:: EXERCISE BRIEF ::
Repeat exactly the lines of the entries below from the one with "(simp add: Gy)" through the one with "y) \<le> E\<^sup>2", both ends included, and nothing else.

:: MATERIAL PROVIDED ::
□ □ □ □ □

text \<open>The minimiser \<open>y\<close> of the regularisation \<open>\<theta> + \<kappa>/2 \<parallel>\<cdot>\<parallel>\<^sup>2\<close> satisfies \<open>G y = -\<kappa> y\<close> and, since
  \<open>\<theta> p\<^sup>* \<le> \<theta> y\<close>, is no longer than \<open>p\<^sup>*\<close>.\<close>
lemma regularized_minimiser:
  fixes \<theta> :: "'a::{real_inner, heine_borel} \<Rightarrow> real"
  assumes lo: "\<And>p q. \<theta> p + inner (G p) (q - p) \<le> \<theta> q"
    and up: "\<And>p q. \<theta> q \<le> \<theta> p + inner (G p) (q - p) + M / 2 * (norm (q - p))\<^sup>2"
    and M: "M > 0" and \<kappa>: "\<kappa> > 0" and opt: "\<And>p. \<theta> pstar \<le> \<theta> p"
  obtains y where "G y = - (\<kappa> *\<^sub>R y)" and "norm y \<le> norm pstar"
    and "\<And>q. \<theta> y + \<kappa> / 2 * (norm y)\<^sup>2 \<le> \<theta> q + \<kappa> / 2 * (norm q)\<^sup>2"
proof -
  obtain y where Gy: "G y + \<kappa> *\<^sub>R y = 0"
    and ymin: "\<And>q. \<theta> y + \<kappa> / 2 * (norm y)\<^sup>2 \<le> \<theta> q + \<kappa> / 2 * (norm q)\<^sup>2"
    using strongly_convex_stationary_point[where F = "\<lambda>p. \<theta> p + \<kappa> / 2 * (norm p)\<^sup>2"
        and G = "\<lambda>p. G p + \<kappa> *\<^sub>R p" and M = "M + \<kappa>", OF regularized_bounds[OF lo up]] M \<kappa>
    by auto
  have "\<kappa> / 2 * (norm y)\<^sup>2 \<le> \<kappa> / 2 * (norm pstar)\<^sup>2" using ymin[of pstar] opt[of y] by linarith
  then have "norm y \<le> norm pstar" using \<kappa> by (simp add: power2_le_iff_abs_le)
  moreover have "G y = - (\<kappa> *\<^sub>R y)" using Gy by (simp add: eq_neg_iff_add_eq_0)
  ultimately show thesis using that ymin by blast
qed

text \<open>Gradient norm of the iterates for the original function: compare with the minimiser \<open>y\<close> of
  the regularised function, where \<open>G y = -\<kappa> y\<close> and \<open>\<parallel>y\<parallel> \<le> \<parallel>p\<^sup>*\<parallel>\<close>, via co-coercivity of \<open>G\<close>.\<close>
lemma regularized_fgm_gradient_bound:
  fixes \<theta> :: "'a::{real_inner, heine_borel} \<Rightarrow> real" and k :: nat
  assumes lo: "\<And>p q. \<theta> p + inner (G p) (q - p) \<le> \<theta> q"
    and up: "\<And>p q. \<theta> q \<le> \<theta> p + inner (G p) (q - p) + M / 2 * (norm (q - p))\<^sup>2"
    and M: "M > 0" and \<kappa>: "\<kappa> > 0"
    and opt: "\<And>p. \<theta> pstar \<le> \<theta> p" and R: "norm pstar \<le> R"
  defines "pk \<equiv> fst (fgm (\<lambda>p. G p + \<kappa> *\<^sub>R p) (M + \<kappa>) \<kappa> k)"
  shows "norm (G pk) \<le> 2 * sqrt ((M + \<kappa>) * (\<theta> 0 - \<theta> pstar)) * exp (- (real k / 2) * sqrt (\<kappa> / (M + \<kappa>)))
    + 2 * \<kappa> * R"
proof -
  define E where "E = exp (- (real k / 2) * sqrt (\<kappa> / (M + \<kappa>)))"
  define D where "D = \<theta> 0 - \<theta> pstar"
  have E: "0 \<le> E" by (simp add: E_def)
  have D: "0 \<le> D" using opt[of 0] by (simp add: D_def)
  obtain y where Gy: "G y = - (\<kappa> *\<^sub>R y)" and y_norm: "norm y \<le> norm pstar"
    and ymin: "\<And>q. \<theta> y + \<kappa> / 2 * (norm y)\<^sup>2 \<le> \<theta> q + \<kappa> / 2 * (norm q)\<^sup>2"
    using regularized_minimiser[OF lo up M \<kappa> opt] by blast
  have Gy_norm: "norm (G y) \<le> \<kappa> * R" using Gy y_norm R \<kappa> by simp
  have "0 \<le> \<kappa> / 2 * (norm y)\<^sup>2" using \<kappa> by simp
  then have "\<theta> y \<le> \<theta> 0" using ymin[of 0] by simp
  then have rate: "\<theta> pk + \<kappa> / 2 * (norm pk)\<^sup>2 - (\<theta> y + \<kappa> / 2 * (norm y)\<^sup>2) \<le> E\<^sup>2 * (\<theta> 0 - \<theta> y)"
    unfolding pk_def E_def by (rule regularized_fgm_rate[OF lo up M \<kappa>])
  have "\<theta> pk - \<theta> y - inner (G y) (pk - y)
      = \<theta> pk + \<kappa> / 2 * (norm pk)\<^sup>2 - (\<theta> y + \<kappa> / 2 * (norm y)\<^sup>2) - \<kappa> / 2 * (norm (pk - y))\<^sup>2"
  proof -
    have "inner (G y) (pk - y) = - (\<kappa> * inner y (pk - y))" by (simp add: Gy)
    then show ?thesis using half_sq_norm_expansion[of \<kappa> pk y] by linarith
  qed
  also have "\<dots> \<le> E\<^sup>2 * (\<theta> 0 - \<theta> y)"
  proof -
    have "0 \<le> \<kappa> / 2 * (norm (pk - y))\<^sup>2" using \<kappa> by simp
    then show ?thesis using rate by linarith
  qed
  also have "\<dots> \<le> E\<^sup>2 * D" using opt[of y] by (simp add: D_def mult_left_mono)
  finally have gap: "\<theta> pk - \<theta> y - inner (G y) (pk - y) \<le> E\<^sup>2 * D" .
  have "(norm (G pk - G y))\<^sup>2 \<le> 2 * M * (\<theta> pk - \<theta> y - inner (G y) (pk - y))"
    by (rule cocoercivity[OF lo up M])
  also have "\<dots> \<le> 4 * (M + \<kappa>) * (E\<^sup>2 * D)"
    using gap lo[where p = y and q = pk] M \<kappa> D by (intro mult_mono) auto
  also have "\<dots> = (2 * sqrt ((M + \<kappa>) * D) * E)\<^sup>2"
    using M \<kappa> D by (simp add: power_mult_distrib)
  finally have "(norm (G pk - G y))\<^sup>2 \<le> (2 * sqrt ((M + \<kappa>) * D) * E)\<^sup>2" .
  moreover have "0 \<le> 2 * sqrt ((M + \<kappa>) * D) * E" using E M \<kappa> D by simp
  ultimately have "norm (G pk - G y) \<le> 2 * sqrt ((M + \<kappa>) * D) * E" by (rule power2_le_imp_le)
  moreover have "norm (G pk) \<le> norm (G pk - G y) + norm (G y)"
    using norm_triangle_sub[of "G pk" "G y"] by simp
  moreover have "0 \<le> \<kappa> * R" using Gy_norm norm_ge_zero order_trans by blast
  ultimately show ?thesis using Gy_norm unfolding E_def D_def by linarith
qed

theorem mainTheorem8:
  fixes f :: "'a::{real_inner, complete_space} \<Rightarrow> ereal"
    and g :: "'b::euclidean_space \<Rightarrow> ereal"
    and A :: "'a \<Rightarrow> 'b" and Astar :: "'b \<Rightarrow> 'a"
    and \<rho> \<mu> R \<kappa> :: real and pstar :: 'b
    and \<theta> :: "'b \<Rightarrow> real" and L :: "real \<Rightarrow> real"
  assumes f_proper: "proper_fun f" and f_convex: "convex_fun f" and f_lsc: "lsc_fun f"
    and f_bdd: "bounded (edom f)"
    and g_proper: "proper_fun g" and g_lsc: "lsc_fun g"
    and \<mu>_pos: "\<mu> > 0" and g_sc: "strongly_convex_fun \<mu> g"
    and A_lin: "bounded_linear A"
    and adj: "\<And>p x. inner (Astar p) x = inner p (A x)"
    and dom_meet: "A ` edom f \<inter> edom g \<noteq> {}"
    and \<rho>_pos: "\<rho> > 0" and f_sc: "strongly_convex_fun \<rho> f"
    and \<theta>_def: "\<And>p. ereal (\<theta> p) = fconj f (Astar p) + fconj g (- p)"
    and L_def: "\<And>c. L c = (onorm A)\<^sup>2 / \<rho> + 1 / \<mu> + c"
    and pstar_opt: "\<And>p. \<theta> pstar \<le> \<theta> p"
    and R_pos: "R > 0" and pstar_R: "norm pstar \<le> R"
    and \<kappa>_pos: "\<kappa> > 0"
  shows "\<forall>k. let pk = fst (fgm (grad (\<lambda>p. \<theta> p + \<kappa> / 2 * (norm p)\<^sup>2)) (L \<kappa>) \<kappa> k) in
      \<theta> pk - \<theta> pstar \<le> \<kappa> / 2 * R\<^sup>2
        + 25 / 8 * (\<theta> 0 - \<theta> pstar) * exp (- (real k / 2) * sqrt (\<kappa> / L \<kappa>))
    \<and> norm (grad \<theta> pk) \<le> 2 * sqrt (L \<kappa> * (\<theta> 0 - \<theta> pstar)) * exp (- (real k / 2) * sqrt (\<kappa> / L \<kappa>))
        + 2 * \<kappa> * R"
proof -
  define M where "M = (onorm A)\<^sup>2 / \<rho> + 1 / \<mu>"
  have M: "M > 0" using \<rho>_pos \<mu>_pos by (simp add: M_def add_nonneg_pos)
  have L: "L \<kappa> = M + \<kappa>" by (simp add: L_def M_def)
  have "sc_lsc f \<rho>" "sc_lsc g \<mu>"
    using f_proper f_lsc f_sc \<rho>_pos g_proper g_lsc g_sc \<mu>_pos by (simp_all add: sc_lsc_def)
  then obtain G where lo: "\<And>p q. \<theta> p + inner (G p) (q - p) \<le> \<theta> q"
    and up: "\<And>p q. \<theta> q \<le> \<theta> p + inner (G p) (q - p) + M / 2 * (norm (q - p))\<^sup>2"
    using dual_function_smooth[OF _ _ A_lin adj \<theta>_def] unfolding M_def by blast
  have grad_\<theta>: "grad \<theta> = G"
    using grad_of_quadratic_bounds(2)[OF lo up less_imp_le[OF M]] by blast
  have grad_reg: "grad (\<lambda>p. \<theta> p + \<kappa> / 2 * (norm p)\<^sup>2) = (\<lambda>p. G p + \<kappa> *\<^sub>R p)"
    using regularized_gradient[OF lo up] M \<kappa>_pos by simp
  show ?thesis
    unfolding Let_def grad_\<theta> grad_reg L
    by (intro allI conjI regularized_fgm_value_bound[OF lo up M \<kappa>_pos pstar_opt pstar_R]
        regularized_fgm_gradient_bound[OF lo up M \<kappa>_pos pstar_opt pstar_R])
qed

□ □ □ □ □

:: FINISHED EXERCISE ::
    have "inner (G y) (pk - y) = - (\<kappa> * inner y (pk - y))" by (simp add: Gy)
    then show ?thesis using half_sq_norm_expansion[of \<kappa> pk y] by linarith
  qed
  also have "\<dots> \<le> E\<^sup>2 * (\<theta> 0 - \<theta> y)"
  proof -
    have "0 \<le> \<kappa> / 2 * (norm (pk - y))\<^sup>2" using \<kappa> by simp
    then show ?thesis using rate by linarith
  qed
  also have "\<dots> \<le> E\<^sup>2 * D" using opt[of y] by (simp add: D_def mult_left_mono)
  finally have gap: "\<theta> pk - \<theta> y - inner (G y) (pk - y) \<le> E\<^sup>2 * D" .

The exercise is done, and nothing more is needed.